* Strong U.S., Chinese economic data supports prices
* Oil slumped in previous session on rising OPEC+ supply
* Rebound in Iran exports unlikely to shock markets -Goldman
(Updates prices, market activity, adds commentary; changes
byline, dateline, previous LONDON)
By Stephanie Kelly
NEW YORK, April 6 (Reuters) - Strong economic data from
China and the United States helped to lift oil prices by 2% on
Tuesday, recouping some of the previous session's losses.
Brent LCOc1 gained $1.11, or 1.8%, to $63.26 a barrel by
11:53 a.m. EDT (1553 GMT). U.S. West Texas Intermediate (WTI)
crude CLc1 rose $1.16, or 2%, to $59.81 a barrel.
Prices were buoyed as March data showed U.S. services
activity touched a record high. China's service sector has also
gathered steam with the sharpest increase in sales in three
months. In addition, England is set to ease more coronavirus
restrictions on April 12, allowing businesses including all
shops, gyms, hair salons and outdoor hospitality venues to
reopen.
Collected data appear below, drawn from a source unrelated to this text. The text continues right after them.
lemma inj_on_tight_edges_containing:
  assumes "k < n" "i < n"
  shows "inj_on (\<lambda>t. tight_edge n k ((i + n - t) mod n)) {1..k}"
proof -
  have False if "t \<in> {1..k}" "t' \<in> {1..k}" "t < t'"
      "tight_edge n k ((i + n - t) mod n) = tight_edge n k ((i + n - t') mod n)" for t t'
  proof -
    \<comment> \<open>the start of the first edge lies in the second, but no edge contains its own start\<close>
    have "((i + n - t') mod n + (t' - t)) mod n = ((i + n - t') + (t' - t)) mod n"
      by (simp only: mod_add_left_eq)
    also have "(i + n - t') + (t' - t) = i + n - t"
      using that assms by simp
    finally have "((i + n - t') mod n + (t' - t)) mod n = (i + n - t) mod n" .
    then have "(i + n - t) mod n \<in> tight_edge n k ((i + n - t') mod n)"
      unfolding tight_edge_def using that by (intro image_eqI[where x = "t' - t"]) auto
    moreover have "(i + n - t) mod n < n"
      using assms by simp
    ultimately show False
      using that(4) start_not_in_tight_edge[OF assms(1)] by auto
  qed
  note later_start_collision = this
  show ?thesis
  proof (rule inj_onI, rule ccontr)
    fix t t' assume "t \<in> {1..k}" "t' \<in> {1..k}" "t \<noteq> t'"
      "tight_edge n k ((i + n - t) mod n) = tight_edge n k ((i + n - t') mod n)"
    then show False
      using later_start_collision[of t t'] later_start_collision[of t' t] by (cases "t < t'") auto
  qed
qed

lemma hdegree_tight_cycle:
  assumes "k < n" "i < n"
  shows "hdegree (tight_edge n k ` {0..<n}) i = k"
  unfolding hdegree_def tight_edges_containing[OF assms]
  using card_image[OF inj_on_tight_edges_containing[OF assms]] by simp
lemma inj_on_if_parthood_represented:
  assumes "\<And>x y. x \<in> W \<Longrightarrow> y \<in> W \<Longrightarrow> f x \<subseteq> f y \<longleftrightarrow> part_of R x y"
  shows "inj_on f W"
proof (rule inj_onI)
  fix x y assume "x \<in> W" "y \<in> W" "f x = f y"
  with assms part_of_antisym show "x = y" by (metis order_refl)
qed

lemma rcc5_rel_eq_top_rel_if_represented:
  assumes subset_iff: "\<And>x y. x \<in> W \<Longrightarrow> y \<in> W \<Longrightarrow> f x \<subseteq> f y \<longleftrightarrow> part_of R x y"
    and disjoint_iff:
      "\<And>x y. x \<in> W \<Longrightarrow> y \<in> W \<Longrightarrow> X interior_of f x \<inter> X interior_of f y = {} \<longleftrightarrow> R DR x y"
    and "x \<in> W" "y \<in> W"
  shows "R r x y \<longleftrightarrow> top_rel X r (f x) (f y)"
proof -
  have eq_iff: "f x = f y \<longleftrightarrow> x = y"
    using inj_on_if_parthood_represented[OF subset_iff] assms(3,4) inj_on_eq_iff by metis
  show ?thesis
  proof (cases r)
    case DR
    then show ?thesis using disjoint_iff[OF assms(3,4)] by simp
  next
    case EQ
    then show ?thesis using eq_iff rcc5_EQ_iff[OF assms(3,4)] by simp
  next
    case PP
    then show ?thesis using subset_iff[OF assms(3,4)] eq_iff rcc5_not_PP_refl[OF assms(3)]
      unfolding part_of_def by auto
  next
    case PPI
    then show ?thesis
      using subset_iff[OF assms(4,3)] eq_iff rcc5_not_PP_refl[OF assms(3)] rcc5_PP_iff_PPI[OF assms(4,3)]
      unfolding part_of_def by auto
  next
    case PO
    then show ?thesis
      using subset_iff[OF assms(3,4)] subset_iff[OF assms(4,3)] disjoint_iff[OF assms(3,4)]
        rcc5_PO_iff[OF assms(3,4)] by auto
  qed
qed
(* Consider the $K$-class system with dependence on aggregate (marginal) distributions described in the context, with constants $M_R,L_R,L_P,L_Q>0$ and $\gamma\in[0,1)$. Let $\mathbf x_0^{\mathbf N}$ be initial states and $\boldsymbol\mu_0\in\mathcal P(\mathcal X\times[K])$ their empirical joint distribution. Define $S_R=M_R(1+L_Q)+L_R(2+L_Q)$, $S_P=(1+L_Q)+L_P(2+L_Q)$, $C_R=M_R+L_R$, $C_P=2+L_P$, $S_R'=M_R+L_R$, $S_R''=M_RL_Q+L_R(1+L_Q)$, $S_P'=1+L_P$, $S_P''=L_Q+L_P(1+L_Q)$. If $\gamma S_P<1$, then for every policy $\boldsymbol\pi\in\Pi$, $$\begin{aligned}\Big|v^{\mathbf N}(\mathbf x_0^{\mathbf N},\boldsymbol\pi)-v^{\mathrm{MF}}(\boldsymbol\mu_0,\boldsymbol\pi)\Big|\le{}&\frac{C_R}{1-\gamma}\sqrt{|\mathcal U|}\frac1{\sqrt{N_{\mathrm{pop}}}}+\sqrt{|\mathcal X||\mathcal U|}\Big(\frac{\gamma C_P}{1-\gamma}\Big)\Big[\frac{S_R'}{N_{\mathrm{pop}}}\Big(\sum_{k}\sqrt{N_k}\Big)+\frac{S_R''}{\sqrt{N_{\mathrm{pop}}}}\Big]\\&+C_P\Big(\frac{S_R}{S_P-1}\Big)\sqrt{|\mathcal X||\mathcal U|}\Big(\frac{\gamma}{1-\gamma S_P}-\frac{\gamma}{1-\gamma}\Big)\Big[\frac{S_P'}{N_{\mathrm{pop}}}\Big(\sum_k\sqrt{N_k}\Big)+\frac{S_P''}{\sqrt{N_{\mathrm{pop}}}}\Big].\end{aligned}$$
   Context: Fix $K\ge1$, $N_1,\dots,N_K\ge1$, $[K]=\{1,\dots,K\}$, $N_{\mathrm{pop}}=\sum_kN_k$, finite sets $\mathcal X,\mathcal U$; $\mathcal P(A)$ is the set of probability distributions on $A$, $|\cdot|_1$ the $L_1$ norm. Agent $j\in[N_k]$ of class $k$ has state $x_{j,k}^t$ and action $u_{j,k}^t$. Empirical joint distributions: $\boldsymbol\mu_t^{\mathbf N}(x,k)=\frac1{N_{\mathrm{pop}}}\sum_{j=1}^{N_k}\mathbf 1(x_{j,k}^t=x)$, $\boldsymbol\nu_t^{\mathbf N}(u,k)=\frac1{N_{\mathrm{pop}}}\sum_{j=1}^{N_k}\mathbf 1(u_{j,k}^t=u)$. For $\boldsymbol\mu\in\mathcal P(\mathcal X\times[K])$, $\boldsymbol\nu\in\mathcal P(\mathcal U\times[K])$ the marginals are $\boldsymbol\mu[\mathcal X](x)=\sum_k\boldsymbol\mu(x,k)$, $\boldsymbol\nu[\mathcal U](u)=\sum_k\boldsymbol\nu(u,k)$. For each $k$: $r_k:\mathcal X\times\mathcal U\times\mathcal P(\mathcal X)\times\mathcal P(\mathcal U)\to\mathbb R$, $P_k:\mathcal X\times\mathcal U\times\mathcal P(\mathcal X)\times\mathcal P(\mathcal U)\to\mathcal P(\mathcal X)$ with $|r_k|\le M_R$, $|r_k(x,u,\mu_1,\nu_1)-r_k(x,u,\mu_2,\nu_2)|\le L_R(|\mu_1-\mu_2|_1+|\nu_1-\nu_2|_1)$, $|P_k(x,u,\mu_1,\nu_1)-P_k(x,u,\mu_2,\nu_2)|_1\le L_P(|\mu_1-\mu_2|_1+|\nu_1-\nu_2|_1)$ for all $\mu_i\in\mathcal P(\mathcal X),\nu_i\in\mathcal P(\mathcal U)$. A policy $\boldsymbol\pi=\{\boldsymbol\pi_t\}_{t\ge0}$, $\boldsymbol\pi_t=(\pi_k^t)_k$, has decision rules $\pi_k^t:\mathcal X\times\mathcal P(\mathcal X)\to\mathcal P(\mathcal U)$; $\Pi$ is the set of policies with $|\pi_k^t(x,\mu_1)-\pi_k^t(x,\mu_2)|_1\le L_Q|\mu_1-\mu_2|_1$ for all $t,k,x$. Dynamics: conditioned on all states at time $t$, actions are independent across agents with $u_{j,k}^t\sim\pi_k^t(x_{j,k}^t,\boldsymbol\mu_t^{\mathbf N}[\mathcal X])$; conditioned on states and actions, next states are independent with $x_{j,k}^{t+1}\sim P_k(x_{j,k}^t,u_{j,k}^t,\boldsymbol\mu_t^{\mathbf N}[\mathcal X],\boldsymbol\nu_t^{\mathbf N}[\mathcal U])$. Empirical value $v^{\mathbf N}(\mathbf x_0^{\mathbf N},\boldsymbol\pi)=\frac1{N_{\mathrm{pop}}}\sum_k\sum_{j}\mathbb E[\sum_t\gamma^tr_k(x_{j,k}^t,u_{j,k}^t,\boldsymbol\mu_t^{\mathbf N}[\mathcal X],\boldsymbol\nu_t^{\mathbf N}[\mathcal U])]$. Mean-field operators for $\boldsymbol\mu\in\mathcal P(\mathcal X\times[K])$ and decision rules $\boldsymbol\pi=(\pi_k)_k$: $\nu^{\mathrm{MF}}(\boldsymbol\mu,\boldsymbol\pi)(u,k)=\sum_x\pi_k(x,\boldsymbol\mu[\mathcal X])(u)\boldsymbol\mu(x,k)$; $P^{\mathrm{MF}}(\boldsymbol\mu,\boldsymbol\pi)(x',k)=\sum_{x,u}\boldsymbol\mu(x,k)\pi_k(x,\boldsymbol\mu[\mathcal X])(u)P_k(x,u,\boldsymbol\mu[\mathcal X],\nu^{\mathrm{MF}}(\boldsymbol\mu,\boldsymbol\pi)[\mathcal U])(x')$; $r_k^{\mathrm{MF}}(\boldsymbol\mu,\boldsymbol\pi)=\sum_{x,u}\boldsymbol\mu(x,k)\pi_k(x,\boldsymbol\mu[\mathcal X])(u)r_k(x,u,\boldsymbol\mu[\mathcal X],\nu^{\mathrm{MF}}(\boldsymbol\mu,\boldsymbol\pi)[\mathcal U])$. With $\boldsymbol\mu_{t+1}=P^{\mathrm{MF}}(\boldsymbol\mu_t,\boldsymbol\pi_t)$, $v^{\mathrm{MF}}(\boldsymbol\mu_0,\boldsymbol\pi)=\sum_k\sum_{t\ge0}\gamma^tr_k^{\mathrm{MF}}(\boldsymbol\mu_t,\boldsymbol\pi_t)$. *)

theory Defs
  imports "HOL-Probability.Probability"
begin

definition agents :: "nat \<Rightarrow> (nat \<Rightarrow> nat) \<Rightarrow> (nat \<times> nat) set" where
  "agents K N = {(j,k). k < K \<and> j < N k}"

definition Npop :: "nat \<Rightarrow> (nat \<Rightarrow> nat) \<Rightarrow> nat" where
  "Npop K N = (\<Sum>k<K. N k)"

definition l1 :: "'a::finite pmf \<Rightarrow> 'a pmf \<Rightarrow> real" where
  "l1 p q = (\<Sum>a\<in>UNIV. \<bar>pmf p a - pmf q a\<bar>)"

definition emp :: "'b set \<Rightarrow> ('b \<Rightarrow> 'a) \<Rightarrow> 'a pmf" where
  "emp A f = map_pmf f (pmf_of_set A)"

definition act_dist ::
  "nat \<Rightarrow> (nat \<Rightarrow> nat) \<Rightarrow> (nat \<Rightarrow> nat \<Rightarrow> 'x \<Rightarrow> 'x pmf \<Rightarrow> 'u pmf) \<Rightarrow> nat
   \<Rightarrow> (nat \<times> nat \<Rightarrow> 'x) \<Rightarrow> (nat \<times> nat \<Rightarrow> 'u) pmf" where
  "act_dist K N pol t xs =
     Pi_pmf (agents K N) undefined (\<lambda>a. pol t (snd a) (xs a) (emp (agents K N) xs))"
The market is recovering from steep losses on Monday, when
both oil price benchmarks fell by about $3 on Monday because of
increasing OPEC+ oil supply and rising COVID-19 infections in
India and parts of Europe.
The Organization of the Petroleum Exporting Countries (OPEC)
and allies, known as OPEC+, agreed last week to bring back
350,000 barrels per day (bpd) of supply in May, another 350,000
bpd in June and a further 400,000 bpd or so in July.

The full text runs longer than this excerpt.